#### Task description
Please give back word for word the lines below, from the first one through the one with "perfect_matching_def by blast".

(Stored items)
========

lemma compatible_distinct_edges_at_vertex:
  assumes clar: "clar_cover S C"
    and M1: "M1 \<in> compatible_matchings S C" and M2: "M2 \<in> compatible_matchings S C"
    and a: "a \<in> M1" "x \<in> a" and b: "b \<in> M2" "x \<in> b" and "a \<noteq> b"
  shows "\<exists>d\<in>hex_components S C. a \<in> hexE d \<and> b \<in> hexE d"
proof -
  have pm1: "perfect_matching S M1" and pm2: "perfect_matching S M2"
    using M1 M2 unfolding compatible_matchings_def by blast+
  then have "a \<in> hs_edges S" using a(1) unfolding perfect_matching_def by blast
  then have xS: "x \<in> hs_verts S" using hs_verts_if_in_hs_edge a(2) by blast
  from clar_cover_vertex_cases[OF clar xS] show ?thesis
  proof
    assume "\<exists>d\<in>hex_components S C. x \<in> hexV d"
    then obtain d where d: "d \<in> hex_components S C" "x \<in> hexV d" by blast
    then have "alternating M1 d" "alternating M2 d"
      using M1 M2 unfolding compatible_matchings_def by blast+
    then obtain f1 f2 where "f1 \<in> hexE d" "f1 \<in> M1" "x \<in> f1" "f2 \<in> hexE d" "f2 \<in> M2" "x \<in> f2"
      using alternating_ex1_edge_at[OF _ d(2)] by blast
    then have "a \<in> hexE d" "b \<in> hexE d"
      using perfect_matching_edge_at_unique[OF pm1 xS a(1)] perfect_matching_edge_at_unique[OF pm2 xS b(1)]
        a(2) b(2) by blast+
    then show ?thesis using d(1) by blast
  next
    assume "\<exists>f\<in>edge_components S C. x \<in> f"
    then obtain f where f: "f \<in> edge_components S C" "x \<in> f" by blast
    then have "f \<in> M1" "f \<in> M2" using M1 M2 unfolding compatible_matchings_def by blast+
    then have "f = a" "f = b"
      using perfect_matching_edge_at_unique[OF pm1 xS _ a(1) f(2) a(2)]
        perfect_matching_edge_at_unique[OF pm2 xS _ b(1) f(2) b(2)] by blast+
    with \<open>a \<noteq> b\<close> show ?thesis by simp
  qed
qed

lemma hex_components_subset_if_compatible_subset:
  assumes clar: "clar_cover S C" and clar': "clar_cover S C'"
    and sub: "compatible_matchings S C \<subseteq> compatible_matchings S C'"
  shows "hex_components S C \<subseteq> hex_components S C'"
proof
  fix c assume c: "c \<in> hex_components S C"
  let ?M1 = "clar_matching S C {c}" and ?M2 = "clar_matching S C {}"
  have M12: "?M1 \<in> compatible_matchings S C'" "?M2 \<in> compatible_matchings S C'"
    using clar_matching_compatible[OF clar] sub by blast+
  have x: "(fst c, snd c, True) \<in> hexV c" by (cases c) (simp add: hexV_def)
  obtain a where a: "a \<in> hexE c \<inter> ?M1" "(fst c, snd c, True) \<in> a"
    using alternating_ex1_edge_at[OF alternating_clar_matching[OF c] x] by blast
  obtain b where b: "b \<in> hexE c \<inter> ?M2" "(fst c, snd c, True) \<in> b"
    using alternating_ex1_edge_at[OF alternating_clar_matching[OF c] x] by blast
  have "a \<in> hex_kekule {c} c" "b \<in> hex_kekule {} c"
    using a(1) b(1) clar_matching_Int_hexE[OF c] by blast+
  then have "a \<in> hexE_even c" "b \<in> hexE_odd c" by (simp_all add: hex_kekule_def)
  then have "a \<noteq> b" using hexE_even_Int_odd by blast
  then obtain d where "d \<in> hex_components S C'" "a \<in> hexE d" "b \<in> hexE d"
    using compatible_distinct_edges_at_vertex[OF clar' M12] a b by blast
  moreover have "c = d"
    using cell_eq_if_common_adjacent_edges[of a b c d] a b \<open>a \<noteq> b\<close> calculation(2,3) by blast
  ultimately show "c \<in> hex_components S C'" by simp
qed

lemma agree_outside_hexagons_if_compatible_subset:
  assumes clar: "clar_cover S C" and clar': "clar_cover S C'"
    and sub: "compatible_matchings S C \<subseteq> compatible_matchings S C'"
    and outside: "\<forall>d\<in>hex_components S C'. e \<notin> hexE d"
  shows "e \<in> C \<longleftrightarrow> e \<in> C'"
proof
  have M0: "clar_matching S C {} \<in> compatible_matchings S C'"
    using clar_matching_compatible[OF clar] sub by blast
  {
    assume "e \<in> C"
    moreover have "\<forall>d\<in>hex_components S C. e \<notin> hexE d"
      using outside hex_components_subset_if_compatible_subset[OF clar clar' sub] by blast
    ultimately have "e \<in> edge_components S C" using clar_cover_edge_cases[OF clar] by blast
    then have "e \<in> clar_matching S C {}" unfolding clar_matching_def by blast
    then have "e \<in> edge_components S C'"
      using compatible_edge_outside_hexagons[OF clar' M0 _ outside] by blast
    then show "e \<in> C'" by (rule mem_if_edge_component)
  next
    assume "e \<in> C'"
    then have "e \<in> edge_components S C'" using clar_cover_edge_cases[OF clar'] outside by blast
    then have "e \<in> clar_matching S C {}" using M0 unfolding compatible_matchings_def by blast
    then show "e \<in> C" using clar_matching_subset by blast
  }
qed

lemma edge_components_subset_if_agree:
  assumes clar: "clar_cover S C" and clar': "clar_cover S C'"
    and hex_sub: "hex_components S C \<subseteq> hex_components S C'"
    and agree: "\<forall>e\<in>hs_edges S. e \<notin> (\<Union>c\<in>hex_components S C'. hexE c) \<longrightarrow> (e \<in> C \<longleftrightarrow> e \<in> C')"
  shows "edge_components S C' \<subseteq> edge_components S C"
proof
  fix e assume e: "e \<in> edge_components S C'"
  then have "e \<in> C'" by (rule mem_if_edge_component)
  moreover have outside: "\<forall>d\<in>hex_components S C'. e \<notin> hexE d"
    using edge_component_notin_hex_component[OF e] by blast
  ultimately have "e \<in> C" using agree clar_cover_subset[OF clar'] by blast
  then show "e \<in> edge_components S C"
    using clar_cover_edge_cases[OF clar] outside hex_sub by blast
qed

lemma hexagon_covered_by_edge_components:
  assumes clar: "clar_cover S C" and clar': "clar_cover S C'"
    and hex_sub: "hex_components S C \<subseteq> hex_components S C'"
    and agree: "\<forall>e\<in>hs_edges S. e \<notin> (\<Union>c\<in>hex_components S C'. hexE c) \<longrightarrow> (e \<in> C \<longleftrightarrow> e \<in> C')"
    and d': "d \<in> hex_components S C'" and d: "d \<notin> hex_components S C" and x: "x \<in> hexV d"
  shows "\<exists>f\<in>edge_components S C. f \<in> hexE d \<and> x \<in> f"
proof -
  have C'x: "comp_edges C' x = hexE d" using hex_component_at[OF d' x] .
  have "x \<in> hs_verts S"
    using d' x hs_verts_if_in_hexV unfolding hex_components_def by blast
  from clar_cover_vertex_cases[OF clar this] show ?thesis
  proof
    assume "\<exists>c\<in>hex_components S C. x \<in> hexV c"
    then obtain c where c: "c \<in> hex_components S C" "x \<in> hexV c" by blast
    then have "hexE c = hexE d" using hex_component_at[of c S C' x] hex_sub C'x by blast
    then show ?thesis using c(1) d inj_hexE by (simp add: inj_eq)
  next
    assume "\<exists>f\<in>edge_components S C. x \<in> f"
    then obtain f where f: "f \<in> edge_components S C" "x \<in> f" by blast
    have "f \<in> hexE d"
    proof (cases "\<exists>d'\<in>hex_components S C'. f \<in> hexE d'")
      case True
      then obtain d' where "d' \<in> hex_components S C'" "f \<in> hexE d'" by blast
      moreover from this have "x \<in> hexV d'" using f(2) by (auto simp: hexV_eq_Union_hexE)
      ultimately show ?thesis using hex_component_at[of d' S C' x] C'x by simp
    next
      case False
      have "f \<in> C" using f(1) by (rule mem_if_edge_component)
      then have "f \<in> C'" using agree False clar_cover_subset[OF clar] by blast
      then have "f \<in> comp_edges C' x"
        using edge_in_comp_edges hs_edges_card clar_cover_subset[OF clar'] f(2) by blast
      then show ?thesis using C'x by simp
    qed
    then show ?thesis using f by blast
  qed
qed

========

#### Written solution
lemma compatible_distinct_edges_at_vertex:
  assumes clar: "clar_cover S C"
    and M1: "M1 \<in> compatible_matchings S C" and M2: "M2 \<in> compatible_matchings S C"
    and a: "a \<in> M1" "x \<in> a" and b: "b \<in> M2" "x \<in> b" and "a \<noteq> b"
  shows "\<exists>d\<in>hex_components S C. a \<in> hexE d \<and> b \<in> hexE d"
proof -
  have pm1: "perfect_matching S M1" and pm2: "perfect_matching S M2"
    using M1 M2 unfolding compatible_matchings_def by blast+
  then have "a \<in> hs_edges S" using a(1) unfolding perfect_matching_def by blast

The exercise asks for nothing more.